lemma emeasure_PiM_lborel_ellipsoid:
  fixes lam :: "'i \<Rightarrow> real"
  assumes I: "finite I" and lam: "\<And>i. i \<in> I \<Longrightarrow> lam i > 0" and \<rho>: "\<rho> > 0"
  shows "emeasure (PiM I (\<lambda>_. lborel))
      ({x. (\<Sum>i\<in>I. (x i)\<^sup>2 / lam i) \<le> \<rho>\<^sup>2} \<inter> space (PiM I (\<lambda>_. lborel)))
    = ennreal ((\<Prod>i\<in>I. sqrt (lam i)) * unit_ball_vol (card I) * \<rho> ^ card I)"
proof -
  define \<mu> where "\<mu> = PiM I (\<lambda>_. lborel::real measure)"
  define B where "B = {x. sqrt (\<Sum>i\<in>I. (x i)\<^sup>2) \<le> \<rho>} \<inter> space \<mu>"
  define E where "E = {x. (\<Sum>i\<in>I. (x i)\<^sup>2 / lam i) \<le> \<rho>\<^sup>2} \<inter> space \<mu>"
  define s where "s = (\<Prod>i\<in>I. sqrt (lam i))"
  have s: "s > 0" unfolding s_def using lam by (intro prod_pos) auto
  have "B \<in> sets \<mu>"
    unfolding B_def \<mu>_def by measurable
  then have "emeasure \<mu> B = (\<Prod>i\<in>I. ennreal (1 / sqrt (lam i))) *
      emeasure \<mu> ((\<lambda>x. \<lambda>i\<in>I. 1 / sqrt (lam i) * x i + 0) -` B \<inter> space \<mu>)"
    unfolding \<mu>_def using lam by (intro emeasure_PiM_lborel_affine_preimage I) auto
  also have "(\<lambda>x. \<lambda>i\<in>I. 1 / sqrt (lam i) * x i + 0) -` B \<inter> space \<mu> = E"
  proof -
    have "(\<Sum>i\<in>I. (1 / sqrt (lam i) * x i)\<^sup>2) = (\<Sum>i\<in>I. (x i)\<^sup>2 / lam i)" for x
      using lam by (intro sum.cong refl) (simp add: power_mult_distrib power_divide less_imp_le)
    then show ?thesis
      using \<rho> by (auto simp: B_def E_def \<mu>_def space_PiM PiE_def extensional_def
          real_sqrt_le_iff' sum_nonneg)
  qed
  also have "(\<Prod>i\<in>I. ennreal (1 / sqrt (lam i))) = ennreal (1 / s)"
    using lam by (simp add: s_def prod_ennreal prod_dividef less_imp_le)
  finally have B_eq: "emeasure \<mu> B = ennreal (1 / s) * emeasure \<mu> E" .
  have "ennreal s * ennreal (1 / s) = 1"
    using s by (simp add: ennreal_mult[symmetric])
  then have "emeasure \<mu> E = ennreal s * emeasure \<mu> B"
    by (simp add: B_eq mult.assoc[symmetric])
  then show ?thesis
    using emeasure_cball_aux[OF I \<rho>] s
    by (simp add: B_def E_def \<mu>_def s_def mult.assoc ennreal_mult' less_imp_le)
qed
(* Let $n$ and $k$ be integers with $1\le k<n/2$. If $A(n,k)\neq B(n,k)$, then $R_j=S_j=T_j$ for all $j\ge3$.
   Context: $\mathrm{DGP}(n,k)$ is the graph with vertex set $\{(u_i,j),(v_i,j): 0\le i\le n-1,\ j\in\{0,1\}\}$ and edges $\{(u_i,j),(u_{i+1},1-j)\}$ (outer edges), $\{(u_i,j),(v_i,1-j)\}$ (spokes, forming the set $\mathcal{S}$), $\{(v_i,j),(v_{i+k},1-j)\}$ (inner edges), subscripts mod $n$ (the canonical double cover of $\mathrm{GP}(n,k)$). $A(n,k)=\mathrm{Aut}(\mathrm{DGP}(n,k))$ and $B(n,k)$ is the setwise stabilizer of $\mathcal{S}$ in $A(n,k)$. For a cycle $C$, $r(C),s(C),t(C)$ are its numbers of outer edges, spokes and inner edges. For $j\ge3$, $\mathcal{C}_j$ is the set of $j$-cycles of $\mathrm{DGP}(n,k)$, and $R_j=\sum_{C\in\mathcal{C}_j}r(C)$, $S_j=\sum_{C\in\mathcal{C}_j}s(C)$, $T_j=\sum_{C\in\mathcal{C}_j}t(C)$. *)

theory Defs
  imports Main
begin

text \<open>Vertices of DGP(n,k): triples (b, i, j) where b = True means u_i, b = False means v_i,
  i < n is the subscript and j :: bool is the layer (False = 0, True = 1).\<close>

type_synonym dvert = "bool \<times> nat \<times> bool"

definition dgp_verts :: "nat \<Rightarrow> dvert set" where
  "dgp_verts n = {(b, i, j). i < n}"

definition dgp_outer :: "nat \<Rightarrow> dvert set set" where
  "dgp_outer n = {{(True, i, j), (True, (i + 1) mod n, \<not> j)} | i j. i < n}"

definition dgp_spokes :: "nat \<Rightarrow> dvert set set" where
  "dgp_spokes n = {{(True, i, j), (False, i, \<not> j)} | i j. i < n}"

definition dgp_inner :: "nat \<Rightarrow> nat \<Rightarrow> dvert set set" where
  "dgp_inner n k = {{(False, i, j), (False, (i + k) mod n, \<not> j)} | i j. i < n}"

definition dgp_edges :: "nat \<Rightarrow> nat \<Rightarrow> dvert set set" where
  "dgp_edges n k = dgp_outer n \<union> dgp_spokes n \<union> dgp_inner n k"

definition dgp_aut :: "nat \<Rightarrow> nat \<Rightarrow> (dvert \<Rightarrow> dvert) set" where
  "dgp_aut n k = {f. bij_betw f (dgp_verts n) (dgp_verts n)
      \<and> (\<forall>x. x \<notin> dgp_verts n \<longrightarrow> f x = x)
      \<and> (\<forall>x\<in>dgp_verts n. \<forall>y\<in>dgp_verts n.
            ({x, y} \<in> dgp_edges n k \<longleftrightarrow> {f x, f y} \<in> dgp_edges n k))}"

definition dgp_B :: "nat \<Rightarrow> nat \<Rightarrow> (dvert \<Rightarrow> dvert) set" where
  "dgp_B n k = {f \<in> dgp_aut n k. (\<lambda>e. f ` e) ` dgp_spokes n = dgp_spokes n}"

definition dgp_cycles :: "nat \<Rightarrow> nat \<Rightarrow> nat \<Rightarrow> dvert set set set" where
  "dgp_cycles n k j = {{{xs ! i, xs ! ((i + 1) mod j)} | i. i < j} | xs.
      length xs = j \<and> distinct xs \<and> set xs \<subseteq> dgp_verts n
      \<and> (\<forall>i < j. {xs ! i, xs ! ((i + 1) mod j)} \<in> dgp_edges n k)}"

definition dgp_R :: "nat \<Rightarrow> nat \<Rightarrow> nat \<Rightarrow> nat" where
  "dgp_R n k j = (\<Sum>C\<in>dgp_cycles n k j. card (C \<inter> dgp_outer n))"

definition dgp_S :: "nat \<Rightarrow> nat \<Rightarrow> nat \<Rightarrow> nat" where
  "dgp_S n k j = (\<Sum>C\<in>dgp_cycles n k j. card (C \<inter> dgp_spokes n))"

definition dgp_T :: "nat \<Rightarrow> nat \<Rightarrow> nat \<Rightarrow> nat" where
  "dgp_T n k j = (\<Sum>C\<in>dgp_cycles n k j. card (C \<inter> dgp_inner n k))"

end

theory Submission
  imports Defs "HOL-Number_Theory.Cong"
begin
lemma Nclosure_inverse_image_Nball:
  assumes "0 < r" "r < N s" "A \<subseteq> Nball N s r"
  shows "Nclosure N (inverse ` A) = inverse ` Nclosure N A"
proof (rule Nclosure_image_similarity[where B = "Nball N s r" and C = "1 / N s ^ 2"])
  show "inverse ` Nball N s r = Nball N (inverse s) (r / N s ^ 2)"
    using assms(1,2) by (simp add: inverse_image_Nball)
  have "0 < N s"
    using assms(1,2) by linarith
  then show "0 < 1 / N s ^ 2"
    by simp
qed (use assms N_inverse_diff_in_Nball in simp_all)

lemma Nclosure_inverse_dense_Zp:
  assumes "D \<subseteq> Zp N" "Zp N \<subseteq> Nclosure N D"
  shows "Nclosure N (inverse ` (D - {0})) = {v. 1 \<le> N v}"
proof
  have "1 \<le> N (inverse d)" if "d \<in> D - {0}" for d
  proof -
    have "N d \<le> 1"
      using assms(1) that unfolding Zp_def by blast
    then show ?thesis
      using that by (simp add: one_le_inverse)
  qed
  then have "Nclosure N (inverse ` (D - {0})) \<subseteq> Nclosure N {v. 1 \<le> N v}"
    by (intro Nclosure_mono) blast
  then show "Nclosure N (inverse ` (D - {0})) \<subseteq> {v. 1 \<le> N v}"
    by simp
next
  show "{v. 1 \<le> N v} \<subseteq> Nclosure N (inverse ` (D - {0}))"
  proof
    fix v assume "v \<in> {v. 1 \<le> N v}"
    then have Nv: "1 \<le> N v" by simp
    define x where "x = inverse v"
    have x: "0 < N x" "x \<in> Zp N"
      using Nv unfolding x_def Zp_def by (auto simp: inverse_le_1_iff)
    have "\<exists>a\<in>inverse ` (D - {0}). N (v - a) < e" if "0 < e" for e
    proof -
      have "0 < min (N x) (e * N x ^ 2)"
        using x(1) \<open>0 < e\<close> by (simp add: zero_less_mult_iff)
      moreover have "x \<in> Nclosure N D"
        using assms(2) x(2) by blast
      ultimately obtain d where d: "d \<in> D" "N (x - d) < min (N x) (e * N x ^ 2)"
        unfolding Nclosure_def by blast
      then have "N (d - x) < N x"
        using N_minus_commute[of x d] by simp
      then have Nd: "N d = N x"
        by (rule N_eq_if_close)
      then have "d \<noteq> 0" "x \<noteq> 0"
        using x by auto
      then have "N (v - inverse d) = N (x - d) / N x ^ 2"
        using N_inverse_diff[of x d] Nd unfolding x_def by (simp add: power2_eq_square)
      also have "\<dots> < e"
        using d(2) x(1) by (simp add: pos_divide_less_eq)
      finally show ?thesis
        using d(1) \<open>d \<noteq> 0\<close> by blast
    qed
    then show "v \<in> Nclosure N (inverse ` (D - {0}))"
      unfolding Nclosure_def by blast
  qed
qed

lemma kepler_set_linear_geometric:
  assumes "c2 \<noteq> 0" "lam \<noteq> 0"
  shows "kepler_set N (\<lambda>n. (c1 + c2 * of_nat n) * lam ^ n) =
    (\<lambda>z. lam + lam * z) ` Nclosure N (inverse ` (range (\<lambda>n. c1 / c2 + of_nat n) - {0}))"
  unfolding kepler_set_def linear_geometric_ratios[OF assms] by (rule Nclosure_affine_image[OF assms(2)])

end

lemma padic_abs_rat_nonneg: "0 \<le> padic_abs_rat p q"
  unfolding padic_abs_rat_def by (auto split: prod.splits)

lemma padic_abs_rat_eq_powr:
  assumes "q \<noteq> 0"
  shows "\<exists>k::int. padic_abs_rat p q = real p powr k"
proof -
  obtain a b where "quotient_of q = (a, b)"
    by fastforce
  then have "padic_abs_rat p q =
      real p powr of_int (int (multiplicity (int p) b) - int (multiplicity (int p) a))"
    using assms unfolding padic_abs_rat_def by simp
  then show ?thesis
    by blast
qed

lemma is_QpD:
  assumes "is_Qp p N"
  shows "N x = 0 \<longleftrightarrow> x = 0" and "N (x * y) = N x * N y" and "N (x + y) \<le> max (N x) (N y)"
    and "N (of_rat q) = padic_abs_rat p q" and "0 < e \<Longrightarrow> \<exists>q. N (x - of_rat q) < e"
  using assms unfolding is_Qp_def by blast+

= = = = = = =

#### Requirement:
Of the entries above, transcribe exactly those lines that fall between the line containing "dgp_aut n k." and the line containing "Nball N (inverse", together with those two lines.

#### Finished exercise:
  "dgp_B n k = {f \<in> dgp_aut n k. (\<lambda>e. f ` e) ` dgp_spokes n = dgp_spokes n}"

definition dgp_cycles :: "nat \<Rightarrow> nat \<Rightarrow> nat \<Rightarrow> dvert set set set" where
  "dgp_cycles n k j = {{{xs ! i, xs ! ((i + 1) mod j)} | i. i < j} | xs.
      length xs = j \<and> distinct xs \<and> set xs \<subseteq> dgp_verts n
      \<and> (\<forall>i < j. {xs ! i, xs ! ((i + 1) mod j)} \<in> dgp_edges n k)}"

definition dgp_R :: "nat \<Rightarrow> nat \<Rightarrow> nat \<Rightarrow> nat" where
  "dgp_R n k j = (\<Sum>C\<in>dgp_cycles n k j. card (C \<inter> dgp_outer n))"

definition dgp_S :: "nat \<Rightarrow> nat \<Rightarrow> nat \<Rightarrow> nat" where
  "dgp_S n k j = (\<Sum>C\<in>dgp_cycles n k j. card (C \<inter> dgp_spokes n))"

definition dgp_T :: "nat \<Rightarrow> nat \<Rightarrow> nat \<Rightarrow> nat" where
  "dgp_T n k j = (\<Sum>C\<in>dgp_cycles n k j. card (C \<inter> dgp_inner n k))"

end

theory Submission
  imports Defs "HOL-Number_Theory.Cong"
begin
lemma Nclosure_inverse_image_Nball:
  assumes "0 < r" "r < N s" "A \<subseteq> Nball N s r"
  shows "Nclosure N (inverse ` A) = inverse ` Nclosure N A"
proof (rule Nclosure_image_similarity[where B = "Nball N s r" and C = "1 / N s ^ 2"])
  show "inverse ` Nball N s r = Nball N (inverse s) (r / N s ^ 2)"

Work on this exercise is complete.